I wondered whether I too would soon find myself sinking towards a non-existent seat. How would I explain this to work? The event sounded unbelievable were I to attempt to relay it to my employer, terminable even. The panic, or perhaps the lack of sufficient oxygen, made me dizzy. Not like this, I thought. If I was ever going to smoke crack, I wanted it to be on my terms. I leaned up against a wall and decided it would be good to wait a few moments before walking along the train platform where a fall would prove deadly. Probably, I told myself, it wasn't enough to really give me any sort of effect beyond what I was already feeling. The effects would be immediate, I thought. Just breathe, relax, you're mostly just stunned. I glanced back up the stairs towards the homeless man and he was exactly where I'd left him, commuters taking wide circles around him as they poured into the station.
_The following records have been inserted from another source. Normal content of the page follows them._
(* Let $(G,V^\infty,T,k)$ be an instance of \textsc{OddMultiwayNodeCut} with $G$ a DAG. Let $M^*$ be a minimum-size solution chosen as follows: among all minimum-size solutions $S$, it maximizes $|r_G(S)\cup f_G(S)\cup S|$, and among those it maximizes $|r_G(S)|$. Then: - $M^*$ is thin; - for every node $v\in r_G(M^* )$, some important $v\rightarrow T$ separator is contained in $M^*$.
   Context: Paths are simple directed paths; a path is odd if it has an odd number of edges. An instance $(G,V^\infty,T,k)$ consists of a DAG $G$, protected nodes $V^\infty\subseteq V(G)$, terminals $T\subseteq V^\infty$ and $k\in\mathbb{Z}_+$. A $T$-path has both ends in $T$. A solution is a set $M\subseteq V(G)\setminus V^\infty$ intersecting every odd $T$-path. $\mathcal{R}_H(X)$ is the set of nodes reachable from $X$ in $H$, including $X$. The shadows are $f_G(M):=V(G\setminus M)\setminus\mathcal{R}_{G\setminus M}(T)$, and $r_G(M):=$ the set of $v\in V(G)\setminus M$ with no path to $T$ in $G\setminus M$. A set $M$ is thin if no $v\in M$ lies in $r_G(M\setminus\{v\})$. An $X\rightarrow Y$ separator is a set $S\subseteq V(G)\setminus V^\infty$ such that $G\setminus S$ has no $X$-to-$Y$ path. Separator $S'$ dominates separator $S$ if $|S'|\le|S|$ and $\mathcal{R}_{G\setminus S}(X)\subsetneq\mathcal{R}_{G\setminus S'}(X)$. An important separator is an inclusion-minimal separator dominated by no other separator. *)

theory Defs
  imports Main
begin

text \<open>Deleting a node set M
  from G is modelled by replacing V by V - M (edges with an endpoint outside the
  vertex set can never be used by a path).\<close>

definition is_path :: "'a set \<Rightarrow> ('a \<times> 'a) set \<Rightarrow> 'a list \<Rightarrow> bool" where
  "is_path V E p \<longleftrightarrow> p \<noteq> [] \<and> distinct p \<and> set p \<subseteq> V \<and>
     (\<forall>i. Suc i < length p \<longrightarrow> (p ! i, p ! Suc i) \<in> E)"

definition path_len :: "'a list \<Rightarrow> nat" where
  "path_len p = length p - 1"

definition is_dag :: "'a set \<Rightarrow> ('a \<times> 'a) set \<Rightarrow> bool" where
  "is_dag V E \<longleftrightarrow> finite V \<and> E \<subseteq> V \<times> V \<and> acyclic E"

definition reach :: "'a set \<Rightarrow> ('a \<times> 'a) set \<Rightarrow> 'a set \<Rightarrow> 'a set" where
  "reach V E X = {v. \<exists>p. is_path V E p \<and> hd p \<in> X \<and> last p = v}"

definition is_solution :: "'a set \<Rightarrow> ('a \<times> 'a) set \<Rightarrow> 'a set \<Rightarrow> 'a set \<Rightarrow> 'a set \<Rightarrow> bool" where
  "is_solution V E Vinf T M \<longleftrightarrow> M \<subseteq> V - Vinf \<and>
     (\<forall>p. is_path V E p \<and> hd p \<in> T \<and> last p \<in> T \<and> odd (path_len p) \<longrightarrow> set p \<inter> M \<noteq> {})"

definition is_min_solution :: "'a set \<Rightarrow> ('a \<times> 'a) set \<Rightarrow> 'a set \<Rightarrow> 'a set \<Rightarrow> 'a set \<Rightarrow> bool" where
  "is_min_solution V E Vinf T M \<longleftrightarrow> is_solution V E Vinf T M \<and>
     (\<forall>S. is_solution V E Vinf T S \<longrightarrow> card M \<le> card S)"

definition fshadow :: "'a set \<Rightarrow> ('a \<times> 'a) set \<Rightarrow> 'a set \<Rightarrow> 'a set \<Rightarrow> 'a set" where
  "fshadow V E T M = (V - M) - reach (V - M) E T"

definition rshadow :: "'a set \<Rightarrow> ('a \<times> 'a) set \<Rightarrow> 'a set \<Rightarrow> 'a set \<Rightarrow> 'a set" where
  "rshadow V E T M = {v \<in> V - M. \<not> (\<exists>p. is_path (V - M) E p \<and> hd p = v \<and> last p \<in> T)}"

definition thin :: "'a set \<Rightarrow> ('a \<times> 'a) set \<Rightarrow> 'a set \<Rightarrow> 'a set \<Rightarrow> bool" where
  "thin V E T M \<longleftrightarrow> (\<forall>v\<in>M. v \<notin> rshadow V E T (M - {v}))"

definition is_separator :: "'a set \<Rightarrow> ('a \<times> 'a) set \<Rightarrow> 'a set \<Rightarrow> 'a set \<Rightarrow> 'a set \<Rightarrow> 'a set \<Rightarrow> bool" where
  "is_separator V E Vinf X Y S \<longleftrightarrow> S \<subseteq> V - Vinf \<and>
     \<not> (\<exists>p. is_path (V - S) E p \<and> hd p \<in> X \<and> last p \<in> Y)"

definition dominates :: "'a set \<Rightarrow> ('a \<times> 'a) set \<Rightarrow> 'a set \<Rightarrow> 'a set \<Rightarrow> 'a set \<Rightarrow> bool" where
  "dominates V E X S' S \<longleftrightarrow> card S' \<le> card S \<and> reach (V - S) E X \<subset> reach (V - S') E X"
As the initial shock began to wear off and my lungs and esophagus started to cool down, my composure started to come back to me. I didn't feel so worried anymore. Suddenly what had struck me was the novel humour of the episode. What are the odds, I wondered. I felt myself a character inside an absurdist black comedy, probably written by a French filmmaker. My breathing was much more relaxed now and I felt a sublime sort of smile spread across my lips. Except it didn't. They were placid and calm and relaxed. It didn't matter that I wasn't smiling on the outside, I was smiling on the inside - and that's all that mattered. The smile spread down my spine and into my hips and knees and continued to move all the way down to the corners of my feet and toes.
See, it's not as bad as you thought. You're fine. Take a minute to collect yourself and get back on the horse. Time for work. Yes, time for work. In a minute. A feathery image of being back in bed, under warm blankets, heavy with euphoric sleep, reaching for my alarm to snooze it for just a few more moments, the thrall of dream as intoxicant singing me softly back to sleep. Comfort. Completely adrift. Safe. At ease. Pure peace.
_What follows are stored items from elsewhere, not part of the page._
lemma weight_ratio_sq_le:
  assumes "2*(j+1)*u\<^sup>2 + (L + m) \<le> 2*(i+1)*n\<^sup>2"
  shows "(cmod (complex_of_real (1 / weight j u) * complex_of_real (weight i n)))\<^sup>2
           \<le> (1/2)^L * (1/2::real)^m"
proof -
  have "(cmod (complex_of_real (1 / weight j u) * complex_of_real (weight i n)))\<^sup>2
      = (1/2)^(2*(i+1)*n\<^sup>2) / (1/2)^(2*(j+1)*u\<^sup>2)"
    using weight_pos[of j u] weight_pos[of i n] by (simp add: norm_divide power_divide weight_sq)
  also have "\<dots> = (1/2)^(2*(i+1)*n\<^sup>2 - 2*(j+1)*u\<^sup>2)"
    using assms by (simp add: power_diff)
  also have "\<dots> \<le> (1/2)^(L + m)" using assms by (intro power_decreasing) auto
  finally show ?thesis by (simp add: power_add)
qed

text \<open>Pointwise error of the normalised shift 2^((j+1)u^2) S^{*(u-p)} Psi_j against e_{j,p},
  when u in Lambda_j is large and preceded by a gap longer than p.\<close>
lemma normalized_shift_error:
  assumes u: "u \<in> \<Lambda> j" and gap: "\<And>n. n \<in> \<Lambda> j \<Longrightarrow> n < u \<Longrightarrow> n + p < u"
    and big: "p + (2*(j+1)*(2*p+p*p) + L + 1) \<le> u"
  shows "(cmod (unit_vec j p i m - complex_of_real (1 / weight j u) * psi_from \<Lambda> j i (m + (u - p))))\<^sup>2
          \<le> (1/2)^L * (1/2::real)^m"
proof -
  define n where "n = m + (u - p)"
  consider "i < j" | "i = j" "m = p" | "i = j" "m < p" | "i = j \<and> p < m \<or> j < i"
    by linarith
  then show ?thesis
  proof cases
    case 2
    then have "n = u" using big unfolding n_def by simp
    then show ?thesis
      using 2 u weight_pos[of j u] unfolding unit_vec_def psi_from_def psi_lac_def n_def[symmetric]
      by simp
  next
    case 3
    then have "n \<notin> \<Lambda> j" using gap big unfolding n_def by force
    then show ?thesis using 3 unfolding unit_vec_def psi_from_def psi_lac_def n_def[symmetric] by simp
  next
    case 4
    have exponents: "2*(j+1)*u\<^sup>2 + (L + m) \<le> 2*(i+1)*n\<^sup>2"
    proof (cases "j < i")
      case True
      have "2*(j+1)*((u - p)+p)\<^sup>2 + L + m \<le> 2*(i+1)*(m+(u - p))\<^sup>2"
        by (rule exponent_gap_later_coord[OF True]) (use big in linarith)
      then show ?thesis using big unfolding n_def by simp
    next
      case False
      then have "i = j" "p < m" using 4 by auto
      then show ?thesis
        using exponent_gap_same_coord[of p m L u j] big unfolding n_def by simp
    qed
    have entry: "unit_vec j p i m - complex_of_real (1 / weight j u) * psi_from \<Lambda> j i (m + (u - p))
        = - (complex_of_real (1 / weight j u) * psi_lac \<Lambda> i n)"
      using 4 unfolding unit_vec_def psi_from_def n_def by auto
    show ?thesis
    proof (cases "n \<in> \<Lambda> i")
      case True
      then show ?thesis
        using weight_ratio_sq_le[OF exponents] unfolding entry psi_lac_def
        by (simp only: norm_minus_cancel if_True)
    next
      case False
      then show ?thesis unfolding entry psi_lac_def by simp
    qed
  qed (simp add: unit_vec_def psi_from_def)
qed

section \<open>Peeling off the coordinates\<close>

lemma unit_vec_approximable:
  assumes "infinite (\<Lambda> j)" "lacunary (\<Lambda> j)"
    and Psi_j: "approximable d (psi_lac \<Lambda>) (psi_from \<Lambda> j)"
  shows "approximable d (psi_lac \<Lambda>) (unit_vec j p)"
proof (rule approximable_limit[OF H2vec_psi_lac H2vec_unit_vec])
  fix \<epsilon> :: real assume "\<epsilon> > 0"
  then obtain L where L: "(1/2::real)^L < \<epsilon> / (2 * real d + 1)"
    using real_arch_pow_inv[of "\<epsilon> / (2 * real d + 1)" "1/2"] by auto
  obtain u where u: "u \<in> \<Lambda> j" "p + (2*(j+1)*(2*p+p*p) + L + 1) \<le> u"
      and gap: "\<And>n. n \<in> \<Lambda> j \<Longrightarrow> n < u \<Longrightarrow> n + p < u"
    using lacunary_large_gap[OF assms(1,2)] by metis
  define y where "y = (\<lambda>i m. complex_of_real (1 / weight j u) * psi_from \<Lambda> j i (m + (u - p)))"
  have "H2vec d y" unfolding y_def by (rule H2vec_scale[OF H2vec_shift[OF H2vec_psi_from]])
  moreover have "approximable d (psi_lac \<Lambda>) y" unfolding y_def
    by (rule approximable_scale[OF H2vec_psi_lac H2vec_shift[OF H2vec_psi_from]
          approximable_shift[OF H2vec_psi_lac H2vec_psi_from Psi_j]])
  moreover have "H2vec_normsq d (\<lambda>i m. unit_vec j p i m - y i m) < \<epsilon>"
  proof -
    have entries: "(cmod (unit_vec j p i m - y i m))\<^sup>2 \<le> (1/2)^L * (1/2::real)^m" for i m
      unfolding y_def by (rule normalized_shift_error) (fact u(1), fact gap, fact u(2))
    have "summable (\<lambda>m. (1/2)^L * (1/2::real)^m)"
      by (intro summable_mult summable_geometric) simp
    then have "H2vec_normsq d (\<lambda>i m. unit_vec j p i m - y i m) \<le> (\<Sum>i<d. \<Sum>m. (1/2)^L * (1/2::real)^m)"
      using entries by (intro normsq_dominated)
    also have "\<dots> = real d * (2 * (1/2)^L)"
    proof -
      have "(\<Sum>m. (1/2)^L * (1/2::real)^m) = 2 * (1/2)^L"
        by (subst suminf_mult) (simp_all add: suminf_geometric)
      then show ?thesis by simp
    qed
    also have "\<dots> \<le> (2 * real d + 1) * (1/2)^L" by simp
    also have "\<dots> < \<epsilon>" using L by (simp add: pos_less_divide_eq mult.commute)
    finally show ?thesis .
  qed
  ultimately show "\<exists>y. H2vec d y \<and> approximable d (psi_lac \<Lambda>) y \<and> H2vec_normsq d (\<lambda>i m. unit_vec j p i m - y i m) < \<epsilon>"
    by blast
qed

lemma psi_from_Suc_approximable:
  assumes "infinite (\<Lambda> j)" "lacunary (\<Lambda> j)"
    and Psi_j: "approximable d (psi_lac \<Lambda>) (psi_from \<Lambda> j)"
  shows "approximable d (psi_lac \<Lambda>) (psi_from \<Lambda> (Suc j))"
proof -
  have coord: "approximable d (psi_lac \<Lambda>) (single_coord j (psi_lac \<Lambda> j))"
    by (rule approximable_single_coord[OF H2vec_psi_lac unit_vec_approximable[OF assms] H2_psi_lac])
  have peel: "psi_from \<Lambda> (Suc j) = (\<lambda>i m. psi_from \<Lambda> j i m + (-1) * single_coord j (psi_lac \<Lambda> j) i m)"
    by (intro ext) (simp add: psi_from_def single_coord_def)
  have "approximable d (psi_lac \<Lambda>) (\<lambda>i m. psi_from \<Lambda> j i m + (-1) * single_coord j (psi_lac \<Lambda> j) i m)"
    by (rule approximable_add[OF H2vec_psi_lac H2vec_psi_from H2vec_scale[OF H2vec_single_coord[OF H2_psi_lac]]
          Psi_j approximable_scale[OF H2vec_psi_lac H2vec_single_coord[OF H2_psi_lac] coord]])
  then show ?thesis by (simp only: peel)
qed

theorem mainTheorem11:
  fixes d :: nat and \<Lambda> :: "nat \<Rightarrow> nat set"
  assumes "d \<ge> 1"
    and "\<And>i. i < d \<Longrightarrow> infinite (\<Lambda> i)"
    and "\<And>i. i < d \<Longrightarrow> lacunary (\<Lambda> i)"
  shows "\<exists>\<psi>. H2vec d \<psi> \<and> Sstar_cyclic d \<psi> \<and> (\<forall>i<d. spec (\<psi> i) = \<Lambda> i)"
proof (intro exI conjI allI impI)
  show "H2vec d (psi_lac \<Lambda>)" by (rule H2vec_psi_lac)
  show "spec (psi_lac \<Lambda> i) = \<Lambda> i" for i
    by (rule spec_psi_lac)
  have Psi: "approximable d (psi_lac \<Lambda>) (psi_from \<Lambda> j)" if "j \<le> d" for j
    using that
  proof (induction j)
    case 0
    have "psi_from \<Lambda> 0 = psi_lac \<Lambda>" by (simp add: psi_from_def)
    then show ?case using approximable_self[OF H2vec_psi_lac] by simp
  next
    case (Suc j)
    then show ?case by (intro psi_from_Suc_approximable assms(2,3)) auto
  qed
  show "Sstar_cyclic d (psi_lac \<Lambda>)"
  proof (rule cyclic_if_unit_vecs[OF H2vec_psi_lac])
    fix j p assume "j < d"
    then show "approximable d (psi_lac \<Lambda>) (unit_vec j p)"
      by (intro unit_vec_approximable assms(2,3) Psi) auto
  qed
qed

end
A moment later I was back in the station and it seemed emptier than before. Must have missed the train. Another train had just pulled into the station and I got on. When I got off the train it wasn't light out anymore.
I pulled my phone out of my pocket. 18:00, it said. Below it a series of texts and missed calls.
I turned around and got back on the train to go home. When I got to the station and climbed the stairs I saw my friend was just waking up.
Hey, I said, you don't know me, but I know you. I've got a favour to ask you.